Genetic testing even after a diagnosis can help to:
- Inform a more personalized treatment plan
- Determine eligibility for research and clinical studies
- plan for future children
Interested in Genetic Testing?
The two best ways to start looking into genetic testing are to 1) ask your primary care provider or 2) connect with a genetic counselor. Your primary care provider can refer you to a genetic counselor or you can find one on the National Society of Genetic Counselors website.
Insurance Coverage
Many types of insurance will provide coverage for whole exome sequencing or even rapid whole exome sequencing for organic acidemia patients. This does not necessarily mean that full coverage will be provided.

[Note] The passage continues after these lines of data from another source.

lemma set_inv_mult_subset_iff:
  assumes H: "subgroup H G" and A: "A \<subseteq> carrier G" and g: "g \<in> A"
  shows "set_inv A <#> A \<subseteq> H \<longleftrightarrow> inv g <# A \<subseteq> H"
proof
  assume "set_inv A <#> A \<subseteq> H"
  then show "inv g <# A \<subseteq> H" using g unfolding subset_iff set_inv_mult_iff l_coset_def by blast
next
  assume sub: "inv g <# A \<subseteq> H"
  show "set_inv A <#> A \<subseteq> H"
  proof
    fix x assume "x \<in> set_inv A <#> A"
    then obtain a b where ab: "a \<in> A" "b \<in> A" and x: "x = inv a \<otimes> b"
      by (auto simp: set_inv_mult_iff)
    have "inv g \<otimes> a \<in> H" "inv g \<otimes> b \<in> H" using sub ab by (auto simp: l_coset_def)
    then have "inv (inv g \<otimes> a) \<otimes> (inv g \<otimes> b) \<in> H"
      using H by (simp add: subgroup.m_closed subgroup.m_inv_closed)
    moreover have "a \<in> carrier G" "b \<in> carrier G" "g \<in> carrier G" using A ab g by auto
    ultimately show "x \<in> H" using x by (simp add: inv_mult_group m_assoc)
  qed
qed

lemma mult_set_inv_subset_iff:
  assumes H: "subgroup H G" and A: "A \<subseteq> carrier G" and g: "g \<in> A"
  shows "A <#> set_inv A \<subseteq> H \<longleftrightarrow> A #> inv g \<subseteq> H"
proof
  assume "A <#> set_inv A \<subseteq> H"
  then show "A #> inv g \<subseteq> H" using g unfolding subset_iff mult_set_inv_iff r_coset_def by blast
next
  assume sub: "A #> inv g \<subseteq> H"
  show "A <#> set_inv A \<subseteq> H"
  proof
    fix x assume "x \<in> A <#> set_inv A"
    then obtain a b where ab: "a \<in> A" "b \<in> A" and x: "x = a \<otimes> inv b"
      by (auto simp: mult_set_inv_iff)
    have "a \<otimes> inv g \<in> H" "b \<otimes> inv g \<in> H" using sub ab by (auto simp: r_coset_def)
    then have "(a \<otimes> inv g) \<otimes> inv (b \<otimes> inv g) \<in> H"
      using H by (simp add: subgroup.m_closed subgroup.m_inv_closed)
    moreover have "a \<in> carrier G" "b \<in> carrier G" "g \<in> carrier G" using A ab g by auto
    ultimately show "x \<in> H" using x by (simp add: inv_mult_group m_assoc)
  qed
qed

lemma l_coset_subset_normal_iff:
  assumes N: "N \<lhd> G" and A: "A \<subseteq> carrier G" and x: "x \<in> carrier G"
  shows "x <# A \<subseteq> N \<longleftrightarrow> A #> x \<subseteq> N"
proof -
  have "x \<otimes> a \<in> N \<longleftrightarrow> a \<otimes> x \<in> N" if a: "a \<in> A" for a
  proof -
    have a_carrier: "a \<in> carrier G" using a A by auto
    have "inv x \<otimes> (x \<otimes> a) \<otimes> x = a \<otimes> x" "x \<otimes> (a \<otimes> x) \<otimes> inv x = x \<otimes> a"
      using a_carrier x by (simp_all add: m_assoc)
    then show ?thesis using normal.inv_op_closed1[OF N x] normal.inv_op_closed2[OF N x] by metis
  qed
  then show ?thesis by (auto simp: l_coset_def r_coset_def)
qed

lemma generate_set_inv_mult_eq_l_coset:
  assumes "A \<subseteq> carrier G" "g \<in> A"
  shows "generate G (set_inv A <#> A) = generate G (inv g <# A)"
  using assms by (intro generate_eqI set_inv_mult_subset_iff set_mult_closed set_inv_subset_carrier
      l_coset_subset_G) auto

lemma generate_mult_set_inv_eq_r_coset:
  assumes "A \<subseteq> carrier G" "g \<in> A"
  shows "generate G (A <#> set_inv A) = generate G (A #> inv g)"
  using assms by (intro generate_eqI mult_set_inv_subset_iff set_mult_closed set_inv_subset_carrier
      r_coset_subset_G) auto

lemma card_generate_set_inv_mult:
  assumes A: "A \<subseteq> carrier G" and ne: "A \<noteq> {}"
  shows "card (generate G (set_inv A <#> A)) = card (generate G (A <#> set_inv A))"
proof -
  obtain g where g: "g \<in> A" using ne by blast
  then have g_carrier: "g \<in> carrier G" using A by auto
  have "(\<lambda>x. g \<otimes> x \<otimes> inv g) ` (inv g <# A) = A #> inv g"
    unfolding l_coset_def r_coset_def UNION_singleton_eq_range image_image
    using A g_carrier by (intro image_cong) (auto simp: m_assoc)
  then have "card (generate G (A #> inv g)) = card (generate G (inv g <# A))"
    using card_generate_conjugate[OF g_carrier l_coset_subset_G[OF A inv_closed[OF g_carrier]]]
    by simp
  then show ?thesis
    using generate_set_inv_mult_eq_l_coset[OF A g] generate_mult_set_inv_eq_r_coset[OF A g] by simp
qed

lemma normal_closure_normal:
  assumes "S \<subseteq> carrier G" shows "normal_closure G S \<lhd> G"
proof -
  have "carrier G \<in> {N. N \<lhd> G \<and> S \<subseteq> N}" using assms normal_self by auto
  then have "subgroup (normal_closure G S) G"
    unfolding normal_closure_def by (intro subgroups_Inter) (auto dest: normal_imp_subgroup)
  moreover have "x \<otimes> h \<otimes> inv x \<in> normal_closure G S"
    if "x \<in> carrier G" "h \<in> normal_closure G S" for x h
    using that by (auto simp: normal_closure_def normal_inv_iff)
  ultimately show ?thesis by (simp add: normal_inv_iff)
qed

lemma normal_closure_set_inv_mult_eq_l_coset:
  assumes "A \<subseteq> carrier G" "g \<in> A"
  shows "normal_closure G (set_inv A <#> A) = normal_closure G (inv g <# A)"
  using assms by (intro normal_closure_eqI set_inv_mult_subset_iff normal_imp_subgroup)

lemma normal_closure_set_inv_mult_eq_r_coset:
  assumes A: "A \<subseteq> carrier G" and g: "g \<in> A"
  shows "normal_closure G (set_inv A <#> A) = normal_closure G (A #> inv g)"
proof (rule normal_closure_eqI)
  fix N assume N: "N \<lhd> G"
  have "inv g \<in> carrier G" using A g by auto
  then show "set_inv A <#> A \<subseteq> N \<longleftrightarrow> A #> inv g \<subseteq> N"
    using set_inv_mult_subset_iff[OF normal_imp_subgroup[OF N] A g]
      l_coset_subset_normal_iff[OF N A] by simp
qed

lemma normal_closure_set_inv_mult_eq_mult_set_inv:
  assumes A: "A \<subseteq> carrier G" and ne: "A \<noteq> {}"
  shows "normal_closure G (set_inv A <#> A) = normal_closure G (A <#> set_inv A)"
proof (rule normal_closure_eqI)
  fix N assume N: "N \<lhd> G"
  obtain g where g: "g \<in> A" using ne by blast
  then have "inv g \<in> carrier G" using A by auto
  then show "set_inv A <#> A \<subseteq> N \<longleftrightarrow> A <#> set_inv A \<subseteq> N"
    using set_inv_mult_subset_iff[OF normal_imp_subgroup[OF N] A g]
      mult_set_inv_subset_iff[OF normal_imp_subgroup[OF N] A g]
      l_coset_subset_normal_iff[OF N A] by simp
qed

end

locale group_factorization = group G for G (structure) +
  fixes k :: nat and A :: "nat \<Rightarrow> 'a set"
  assumes factor_subset: "i \<in> {1..k} \<Longrightarrow> A i \<subseteq> carrier G"
    and bij_prod_seq: "bij_betw (\<lambda>a. prod_seq G a k) (PiE {1..k} A) (carrier G)"
begin

lemma factor_nonempty:
  assumes "i \<in> {1..k}" shows "A i \<noteq> {}"
proof -
  have "PiE {1..k} A \<noteq> {}"
    using bij_prod_seq one_closed by (auto simp: bij_betw_def)
  then show ?thesis using assms by (auto simp: PiE_eq_empty_iff)
qed

lemma card_factor_dvd_card:
  assumes i: "i \<in> {1..k}" and T: "T \<subseteq> carrier G"
    \<comment> \<open>\<open>P\<close> and \<open>Q\<close> stand for the products of the factors before and after position \<open>i\<close>.\<close>
    and closed: "\<And>P Q a c. P \<in> carrier G \<Longrightarrow> Q \<in> carrier G \<Longrightarrow> (i = 1 \<Longrightarrow> P = \<one>) \<Longrightarrow>
      (i = k \<Longrightarrow> Q = \<one>) \<Longrightarrow> a \<in> A i \<Longrightarrow> c \<in> A i \<Longrightarrow> P \<otimes> a \<otimes> Q \<in> T \<Longrightarrow> P \<otimes> c \<otimes> Q \<in> T"
  shows "card (A i) dvd card T"
proof -
  define S where "S = {a \<in> PiE {1..k} A. prod_seq G a k \<in> T}"
  have "bij_betw (\<lambda>a. prod_seq G a k) S T"
    unfolding S_def by (rule bij_betw_subset[OF bij_prod_seq])
      (use T bij_prod_seq in \<open>auto simp: bij_betw_def\<close>)
  then have card_S: "card S = card T" by (rule bij_betw_same_card)
  have "a(i := c) \<in> S" if a: "a \<in> S" and c: "c \<in> A i" for a c
  proof -
    have a_i: "a i \<in> A i" using a i by (auto simp: S_def PiE_iff)
    have a_carrier: "a j \<in> carrier G" if "j \<in> {1..k}" for j
      using a factor_subset[OF that] that by (auto simp: S_def PiE_iff)
    have c_carrier: "c \<in> carrier G" using c factor_subset[OF i] by blast
    obtain P Q where PQ: "P \<in> carrier G" "Q \<in> carrier G" "i = 1 \<Longrightarrow> P = \<one>" "i = k \<Longrightarrow> Q = \<one>"
      and split: "prod_seq G a k = P \<otimes> a i \<otimes> Q" "prod_seq G (a(i := c)) k = P \<otimes> c \<otimes> Q"
      using prod_seq_fun_upd_split[where a = a, OF i a_carrier c_carrier] by blast
    have "P \<otimes> a i \<otimes> Q \<in> T" using a split(1) by (simp add: S_def)
    then have "prod_seq G (a(i := c)) k \<in> T"
      unfolding split(2) using closed[OF PQ(1,2) _ _ a_i c] PQ(3,4) by blast
    moreover have "a(i := c) \<in> PiE (insert i {1..k}) A"
      using a c by (intro PiE_fun_upd) (auto simp: S_def)
    ultimately show ?thesis using i by (simp add: S_def insert_absorb)
  qed
  moreover obtain c0 where "c0 \<in> A i" using factor_nonempty[OF i] by blast
  ultimately have "card (A i) dvd card S"
    using i by (intro card_dvd_card_if_upd_closed[where I = "{1..k}"]) (auto simp: S_def)
  with card_S show ?thesis by simp
qed

lemma card_first_factor_dvd_subgroup:
  assumes k: "k \<ge> 1" and H: "subgroup H G" and sub: "set_inv (A 1) <#> A 1 \<subseteq> H"
  shows "card (A 1) dvd card H"
proof -
  have i: "1 \<in> {1..k}" using k by simp
  obtain g where g: "g \<in> A 1" using factor_nonempty[OF i] by blast
  have A1: "A 1 \<subseteq> carrier G" by (rule factor_subset[OF i])
  have g_carrier: "g \<in> carrier G" using g A1 by auto
  have "card (A 1) dvd card (g <# H)"
  proof (rule card_factor_dvd_card[OF i])
    show "g <# H \<subseteq> carrier G" using H g_carrier by (simp add: l_coset_subset_G subgroup.subset)
    fix P Q a c assume P: "P \<in> carrier G" "1 = 1 \<Longrightarrow> P = \<one>" and Q: "Q \<in> carrier G"
      and a: "a \<in> A 1" and c: "c \<in> A 1" and aQ: "P \<otimes> a \<otimes> Q \<in> g <# H"
    have carrier: "a \<in> carrier G" "c \<in> carrier G" using a c A1 by auto
    have "inv g \<otimes> (a \<otimes> Q) \<in> H"
      using subgroup.lcos_module_imp[OF H is_group g_carrier] aQ P carrier Q by simp
    moreover have "inv g \<otimes> c \<in> H" "inv a \<otimes> g \<in> H"
      using sub g a c unfolding subset_iff set_inv_mult_iff by blast+
    ultimately have "(inv g \<otimes> c) \<otimes> (inv a \<otimes> g) \<otimes> (inv g \<otimes> (a \<otimes> Q)) \<in> H"
      using H by (simp add: subgroup.m_closed)
    then have "inv g \<otimes> (P \<otimes> c \<otimes> Q) \<in> H" using P carrier Q g_carrier by (simp add: m_assoc)
    then show "P \<otimes> c \<otimes> Q \<in> g <# H"
      using subgroup.lcos_module_rev[OF H is_group g_carrier] P carrier Q by simp
  qed
  then show ?thesis using card_l_coset[OF subgroup.subset[OF H] g_carrier] by simp
qed

lemma card_last_factor_dvd_subgroup:
  assumes k: "k \<ge> 1" and H: "subgroup H G" and sub: "A k <#> set_inv (A k) \<subseteq> H"
  shows "card (A k) dvd card H"
proof -
  have i: "k \<in> {1..k}" using k by simp
  obtain g where g: "g \<in> A k" using factor_nonempty[OF i] by blast
  have Ak: "A k \<subseteq> carrier G" by (rule factor_subset[OF i])
  have g_carrier: "g \<in> carrier G" using g Ak by auto
  have "card (A k) dvd card (H #> g)"
  proof (rule card_factor_dvd_card[OF i])
    show "H #> g \<subseteq> carrier G" using H g_carrier by (simp add: r_coset_subset_G subgroup.subset)
    fix P Q a c assume P: "P \<in> carrier G" and Q: "Q \<in> carrier G" "k = k \<Longrightarrow> Q = \<one>"
      and a: "a \<in> A k" and c: "c \<in> A k" and Pa: "P \<otimes> a \<otimes> Q \<in> H #> g"
    have carrier: "a \<in> carrier G" "c \<in> carrier G" using a c Ak by auto
    have "P \<otimes> a \<otimes> inv g \<in> H"
      using subgroup.rcos_module[OF H is_group g_carrier] Pa P carrier Q by simp
    moreover have "g \<otimes> inv a \<in> H" "c \<otimes> inv g \<in> H"
      using sub g a c unfolding subset_iff mult_set_inv_iff by blast+
    ultimately have "(P \<otimes> a \<otimes> inv g) \<otimes> (g \<otimes> inv a) \<otimes> (c \<otimes> inv g) \<in> H"
      using H by (simp add: subgroup.m_closed)
    then have "(P \<otimes> c \<otimes> Q) \<otimes> inv g \<in> H" using P carrier Q g_carrier by (simp add: m_assoc)
    then show "P \<otimes> c \<otimes> Q \<in> H #> g"
      using subgroup.rcos_module[OF H is_group g_carrier] P carrier Q by simp
  qed
  then show ?thesis using card_rcosets_equal[OF rcosetsI] subgroup.subset[OF H] g_carrier by simp
qed

lemma card_factor_dvd_normal_subgroup:
  assumes i: "i \<in> {1..k}" and N: "N \<lhd> G" and sub: "set_inv (A i) <#> A i \<subseteq> N"
  shows "card (A i) dvd card N"
proof (rule card_factor_dvd_card[OF i])
  show "N \<subseteq> carrier G" using N by (simp add: normal_imp_subgroup subgroup.subset)
  fix P Q a c assume P: "P \<in> carrier G" and Q: "Q \<in> carrier G"
    and a: "a \<in> A i" and c: "c \<in> A i" and aN: "P \<otimes> a \<otimes> Q \<in> N"
  have carrier: "a \<in> carrier G" "c \<in> carrier G" using a c factor_subset[OF i] by auto
  have "inv a \<otimes> c \<in> N" using sub a c unfolding subset_iff set_inv_mult_iff by blast
  then have "inv Q \<otimes> (inv a \<otimes> c) \<otimes> Q \<in> N" using normal.inv_op_closed1[OF N Q] by blast
  with aN have "(P \<otimes> a \<otimes> Q) \<otimes> (inv Q \<otimes> (inv a \<otimes> c) \<otimes> Q) \<in> N"
    using N by (simp add: normal_imp_subgroup subgroup.m_closed)
  then show "P \<otimes> c \<otimes> Q \<in> N" using P carrier Q by (simp add: m_assoc)
qed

Organic Acidemia Genetic Research
The Organic Acidemia Natural History Registry has surveys about genetic testing along with demographics, diagnosis, and treatment. This information can be helpful in determining genotype-phenotype relationships that can help clinicians predict symptoms you or your child may have before they occur. This can also help determine what treatments may work best for each individual. If you are interested participating in this important research, you can upload a pdf of your genetic testing report to the Genetic Testing survey in the OA registry.